*** Opening of Exercise input ***
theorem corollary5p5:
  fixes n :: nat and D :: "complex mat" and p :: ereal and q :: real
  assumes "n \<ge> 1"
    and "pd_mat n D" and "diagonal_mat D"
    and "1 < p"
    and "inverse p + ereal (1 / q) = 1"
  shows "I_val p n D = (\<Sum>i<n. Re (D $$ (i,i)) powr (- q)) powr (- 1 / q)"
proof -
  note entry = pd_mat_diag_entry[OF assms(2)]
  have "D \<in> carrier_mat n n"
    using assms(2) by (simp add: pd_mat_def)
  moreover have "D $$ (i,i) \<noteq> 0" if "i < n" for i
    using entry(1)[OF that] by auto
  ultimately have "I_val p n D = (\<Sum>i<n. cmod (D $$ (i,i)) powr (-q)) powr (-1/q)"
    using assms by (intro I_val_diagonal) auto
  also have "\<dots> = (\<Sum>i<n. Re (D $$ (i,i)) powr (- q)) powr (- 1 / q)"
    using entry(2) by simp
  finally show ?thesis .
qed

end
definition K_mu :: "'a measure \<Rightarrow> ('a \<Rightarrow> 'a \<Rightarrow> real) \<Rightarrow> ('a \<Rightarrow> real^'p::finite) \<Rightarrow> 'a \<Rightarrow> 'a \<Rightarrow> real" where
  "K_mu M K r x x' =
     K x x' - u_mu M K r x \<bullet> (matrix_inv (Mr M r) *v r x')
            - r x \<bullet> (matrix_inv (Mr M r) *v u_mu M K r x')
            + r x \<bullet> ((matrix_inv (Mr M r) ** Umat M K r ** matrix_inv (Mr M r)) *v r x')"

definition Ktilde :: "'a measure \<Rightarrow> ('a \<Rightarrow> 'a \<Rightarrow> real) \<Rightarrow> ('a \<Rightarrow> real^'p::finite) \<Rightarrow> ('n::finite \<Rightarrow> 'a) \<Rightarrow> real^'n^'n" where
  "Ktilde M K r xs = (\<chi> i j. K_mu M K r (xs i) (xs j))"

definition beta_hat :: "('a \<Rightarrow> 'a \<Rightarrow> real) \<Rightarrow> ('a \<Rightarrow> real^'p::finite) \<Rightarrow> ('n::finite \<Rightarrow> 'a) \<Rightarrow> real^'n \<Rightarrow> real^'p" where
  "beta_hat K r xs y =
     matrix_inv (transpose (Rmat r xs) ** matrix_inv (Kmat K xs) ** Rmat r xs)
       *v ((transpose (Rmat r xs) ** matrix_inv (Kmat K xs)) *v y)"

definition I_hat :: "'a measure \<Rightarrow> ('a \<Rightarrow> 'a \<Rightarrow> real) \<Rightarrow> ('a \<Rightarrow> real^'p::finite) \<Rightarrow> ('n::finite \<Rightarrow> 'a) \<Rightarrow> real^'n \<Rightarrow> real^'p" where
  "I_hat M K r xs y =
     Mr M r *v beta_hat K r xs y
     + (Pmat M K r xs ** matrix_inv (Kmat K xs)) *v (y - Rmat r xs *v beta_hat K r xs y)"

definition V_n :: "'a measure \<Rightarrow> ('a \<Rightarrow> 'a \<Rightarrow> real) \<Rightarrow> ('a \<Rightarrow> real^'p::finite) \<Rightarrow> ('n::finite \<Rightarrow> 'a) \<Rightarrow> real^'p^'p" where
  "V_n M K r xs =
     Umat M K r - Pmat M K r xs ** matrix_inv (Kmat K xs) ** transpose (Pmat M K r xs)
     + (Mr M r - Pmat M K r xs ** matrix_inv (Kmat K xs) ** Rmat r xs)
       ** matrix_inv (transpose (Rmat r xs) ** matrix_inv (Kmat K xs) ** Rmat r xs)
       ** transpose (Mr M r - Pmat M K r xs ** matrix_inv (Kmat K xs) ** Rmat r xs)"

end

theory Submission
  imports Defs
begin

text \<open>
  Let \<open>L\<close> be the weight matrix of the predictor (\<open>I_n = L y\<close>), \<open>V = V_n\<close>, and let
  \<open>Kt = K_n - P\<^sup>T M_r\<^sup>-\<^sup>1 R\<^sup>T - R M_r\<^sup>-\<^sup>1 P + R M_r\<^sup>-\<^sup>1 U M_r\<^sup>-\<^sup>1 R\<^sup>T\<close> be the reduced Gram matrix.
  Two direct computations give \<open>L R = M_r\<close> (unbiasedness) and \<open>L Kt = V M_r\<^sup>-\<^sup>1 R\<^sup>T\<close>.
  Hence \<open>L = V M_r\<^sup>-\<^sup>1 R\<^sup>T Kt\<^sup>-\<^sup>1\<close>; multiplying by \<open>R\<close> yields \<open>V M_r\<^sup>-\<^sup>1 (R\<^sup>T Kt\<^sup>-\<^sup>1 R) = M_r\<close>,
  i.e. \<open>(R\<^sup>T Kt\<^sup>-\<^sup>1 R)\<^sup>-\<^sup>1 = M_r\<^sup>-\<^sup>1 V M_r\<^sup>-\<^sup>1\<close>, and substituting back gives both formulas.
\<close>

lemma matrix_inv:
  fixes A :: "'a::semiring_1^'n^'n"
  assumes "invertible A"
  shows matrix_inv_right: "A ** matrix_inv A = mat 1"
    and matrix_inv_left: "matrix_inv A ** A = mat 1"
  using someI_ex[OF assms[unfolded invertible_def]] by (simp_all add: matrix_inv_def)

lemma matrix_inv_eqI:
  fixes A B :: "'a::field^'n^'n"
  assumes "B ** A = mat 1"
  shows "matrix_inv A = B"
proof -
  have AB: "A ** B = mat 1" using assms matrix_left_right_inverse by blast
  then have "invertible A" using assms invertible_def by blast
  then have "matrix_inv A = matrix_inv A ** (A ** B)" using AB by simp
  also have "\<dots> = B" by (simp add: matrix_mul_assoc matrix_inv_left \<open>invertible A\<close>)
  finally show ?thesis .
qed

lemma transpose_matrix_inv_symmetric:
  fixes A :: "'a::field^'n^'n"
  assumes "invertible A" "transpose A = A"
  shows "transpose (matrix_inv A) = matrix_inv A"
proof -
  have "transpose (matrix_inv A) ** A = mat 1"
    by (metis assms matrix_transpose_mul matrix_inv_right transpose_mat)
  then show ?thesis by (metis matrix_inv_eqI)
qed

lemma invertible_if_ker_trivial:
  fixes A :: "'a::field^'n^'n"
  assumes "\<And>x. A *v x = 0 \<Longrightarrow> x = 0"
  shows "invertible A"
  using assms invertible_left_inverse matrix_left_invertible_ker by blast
*** Close of Exercise input ***
*** Opening of Exercise input ***
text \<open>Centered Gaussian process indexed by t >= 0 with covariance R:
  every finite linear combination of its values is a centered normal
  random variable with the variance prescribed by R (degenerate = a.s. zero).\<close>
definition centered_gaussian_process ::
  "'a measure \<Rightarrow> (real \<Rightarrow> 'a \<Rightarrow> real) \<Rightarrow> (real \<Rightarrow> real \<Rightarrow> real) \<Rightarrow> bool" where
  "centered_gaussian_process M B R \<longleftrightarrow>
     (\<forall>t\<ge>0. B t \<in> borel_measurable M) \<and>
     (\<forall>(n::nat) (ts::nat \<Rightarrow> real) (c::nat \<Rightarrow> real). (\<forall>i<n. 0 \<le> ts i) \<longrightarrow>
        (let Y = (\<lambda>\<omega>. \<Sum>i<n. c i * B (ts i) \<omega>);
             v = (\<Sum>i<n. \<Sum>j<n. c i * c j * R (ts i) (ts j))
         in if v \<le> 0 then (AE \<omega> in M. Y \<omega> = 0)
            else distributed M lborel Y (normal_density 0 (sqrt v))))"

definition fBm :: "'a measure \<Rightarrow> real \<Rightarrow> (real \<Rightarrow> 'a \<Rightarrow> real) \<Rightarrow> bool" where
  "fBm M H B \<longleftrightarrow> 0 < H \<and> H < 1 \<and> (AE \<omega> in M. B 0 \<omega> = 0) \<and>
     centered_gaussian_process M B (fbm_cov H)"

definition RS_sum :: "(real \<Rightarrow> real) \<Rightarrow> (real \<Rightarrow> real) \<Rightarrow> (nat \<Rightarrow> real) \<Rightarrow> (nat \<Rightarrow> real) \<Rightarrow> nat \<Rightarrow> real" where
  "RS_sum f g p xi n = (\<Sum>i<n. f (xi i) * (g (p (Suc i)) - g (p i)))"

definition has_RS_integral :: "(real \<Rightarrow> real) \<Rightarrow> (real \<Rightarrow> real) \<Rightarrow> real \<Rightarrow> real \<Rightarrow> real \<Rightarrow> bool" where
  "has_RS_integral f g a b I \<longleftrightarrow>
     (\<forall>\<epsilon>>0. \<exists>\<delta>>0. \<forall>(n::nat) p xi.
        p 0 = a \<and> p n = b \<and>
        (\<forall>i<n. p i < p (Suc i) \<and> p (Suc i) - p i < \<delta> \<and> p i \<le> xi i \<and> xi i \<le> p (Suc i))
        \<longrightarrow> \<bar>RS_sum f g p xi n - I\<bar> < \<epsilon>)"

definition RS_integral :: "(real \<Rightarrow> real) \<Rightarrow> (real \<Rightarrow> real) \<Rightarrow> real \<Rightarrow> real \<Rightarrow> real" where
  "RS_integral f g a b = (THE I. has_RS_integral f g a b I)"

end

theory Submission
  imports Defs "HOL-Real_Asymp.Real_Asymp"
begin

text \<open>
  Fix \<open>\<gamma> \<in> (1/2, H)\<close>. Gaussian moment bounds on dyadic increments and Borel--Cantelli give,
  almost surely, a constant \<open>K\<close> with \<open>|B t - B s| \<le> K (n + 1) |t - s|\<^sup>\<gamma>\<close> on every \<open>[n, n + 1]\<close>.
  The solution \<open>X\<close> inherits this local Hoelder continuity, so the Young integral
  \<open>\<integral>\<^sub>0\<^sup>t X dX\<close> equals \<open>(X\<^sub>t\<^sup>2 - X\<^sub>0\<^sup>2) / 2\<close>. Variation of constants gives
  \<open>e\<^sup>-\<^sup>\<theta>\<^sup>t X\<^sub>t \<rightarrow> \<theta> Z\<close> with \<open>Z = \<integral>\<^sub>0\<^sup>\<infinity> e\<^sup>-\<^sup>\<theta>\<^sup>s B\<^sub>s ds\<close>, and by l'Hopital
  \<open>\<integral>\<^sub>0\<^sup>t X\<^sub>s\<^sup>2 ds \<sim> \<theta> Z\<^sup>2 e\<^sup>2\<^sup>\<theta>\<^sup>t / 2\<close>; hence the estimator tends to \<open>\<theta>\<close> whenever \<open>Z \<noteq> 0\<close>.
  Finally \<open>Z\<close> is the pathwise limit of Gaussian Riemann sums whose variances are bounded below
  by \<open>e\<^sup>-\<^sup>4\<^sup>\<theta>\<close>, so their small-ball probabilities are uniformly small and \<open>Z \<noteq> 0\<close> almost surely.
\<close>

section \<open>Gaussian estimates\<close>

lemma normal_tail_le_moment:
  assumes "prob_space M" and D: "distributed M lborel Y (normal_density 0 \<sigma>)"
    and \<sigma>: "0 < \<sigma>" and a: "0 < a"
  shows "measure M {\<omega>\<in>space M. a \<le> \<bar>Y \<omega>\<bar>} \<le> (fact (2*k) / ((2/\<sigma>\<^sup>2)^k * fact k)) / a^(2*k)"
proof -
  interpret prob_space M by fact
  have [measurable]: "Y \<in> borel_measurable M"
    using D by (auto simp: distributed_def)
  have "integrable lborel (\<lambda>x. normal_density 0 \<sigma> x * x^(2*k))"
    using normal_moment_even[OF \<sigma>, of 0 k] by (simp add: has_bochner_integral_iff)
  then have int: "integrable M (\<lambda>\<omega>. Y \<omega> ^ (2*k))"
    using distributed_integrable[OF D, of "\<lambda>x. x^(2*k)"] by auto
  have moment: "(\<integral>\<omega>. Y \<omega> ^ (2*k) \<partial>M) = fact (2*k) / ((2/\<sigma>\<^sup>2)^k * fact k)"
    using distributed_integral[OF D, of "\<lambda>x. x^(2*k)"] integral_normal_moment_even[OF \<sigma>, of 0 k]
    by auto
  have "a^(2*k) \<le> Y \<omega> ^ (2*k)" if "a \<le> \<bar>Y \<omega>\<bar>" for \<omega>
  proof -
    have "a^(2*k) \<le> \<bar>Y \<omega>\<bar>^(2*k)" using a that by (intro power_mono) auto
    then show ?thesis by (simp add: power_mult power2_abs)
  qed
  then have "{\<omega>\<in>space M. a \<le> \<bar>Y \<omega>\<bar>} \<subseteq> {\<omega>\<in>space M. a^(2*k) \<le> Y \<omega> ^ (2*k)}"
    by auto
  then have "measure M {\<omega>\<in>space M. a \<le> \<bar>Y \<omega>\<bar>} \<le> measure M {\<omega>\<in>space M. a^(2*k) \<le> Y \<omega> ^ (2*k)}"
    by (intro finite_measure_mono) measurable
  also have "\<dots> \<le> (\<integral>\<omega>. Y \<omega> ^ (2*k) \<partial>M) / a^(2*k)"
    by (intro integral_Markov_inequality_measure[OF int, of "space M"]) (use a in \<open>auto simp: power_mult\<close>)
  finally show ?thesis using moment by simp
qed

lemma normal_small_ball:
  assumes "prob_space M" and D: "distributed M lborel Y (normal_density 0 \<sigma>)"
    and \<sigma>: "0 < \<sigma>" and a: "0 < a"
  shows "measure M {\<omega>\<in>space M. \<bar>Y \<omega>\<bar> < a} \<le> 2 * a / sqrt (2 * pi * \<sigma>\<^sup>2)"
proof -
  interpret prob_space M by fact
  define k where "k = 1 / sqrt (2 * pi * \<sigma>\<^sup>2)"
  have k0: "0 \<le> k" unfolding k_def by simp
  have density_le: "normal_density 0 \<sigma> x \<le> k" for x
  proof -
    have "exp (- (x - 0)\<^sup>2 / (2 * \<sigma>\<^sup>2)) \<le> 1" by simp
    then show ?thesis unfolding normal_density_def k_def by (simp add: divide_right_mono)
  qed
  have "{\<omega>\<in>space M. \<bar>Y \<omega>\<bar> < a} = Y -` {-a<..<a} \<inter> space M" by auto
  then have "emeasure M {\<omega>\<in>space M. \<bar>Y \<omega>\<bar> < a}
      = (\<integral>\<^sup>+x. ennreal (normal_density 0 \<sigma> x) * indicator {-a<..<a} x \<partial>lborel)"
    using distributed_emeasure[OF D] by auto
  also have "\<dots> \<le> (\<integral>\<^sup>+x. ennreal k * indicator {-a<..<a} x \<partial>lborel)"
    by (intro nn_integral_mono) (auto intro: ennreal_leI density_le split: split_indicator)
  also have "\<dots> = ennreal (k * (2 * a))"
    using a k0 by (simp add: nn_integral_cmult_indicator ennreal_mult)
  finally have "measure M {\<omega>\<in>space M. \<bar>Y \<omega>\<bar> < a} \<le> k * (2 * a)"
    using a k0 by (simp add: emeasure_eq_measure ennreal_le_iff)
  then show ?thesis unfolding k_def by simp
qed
*** Close of Exercise input ***
Task item: The expected answer is each line of the records above that includes the string "metis".

Solution to this task:
    by (metis assms matrix_transpose_mul matrix_inv_right transpose_mat)
  then show ?thesis by (metis matrix_inv_eqI)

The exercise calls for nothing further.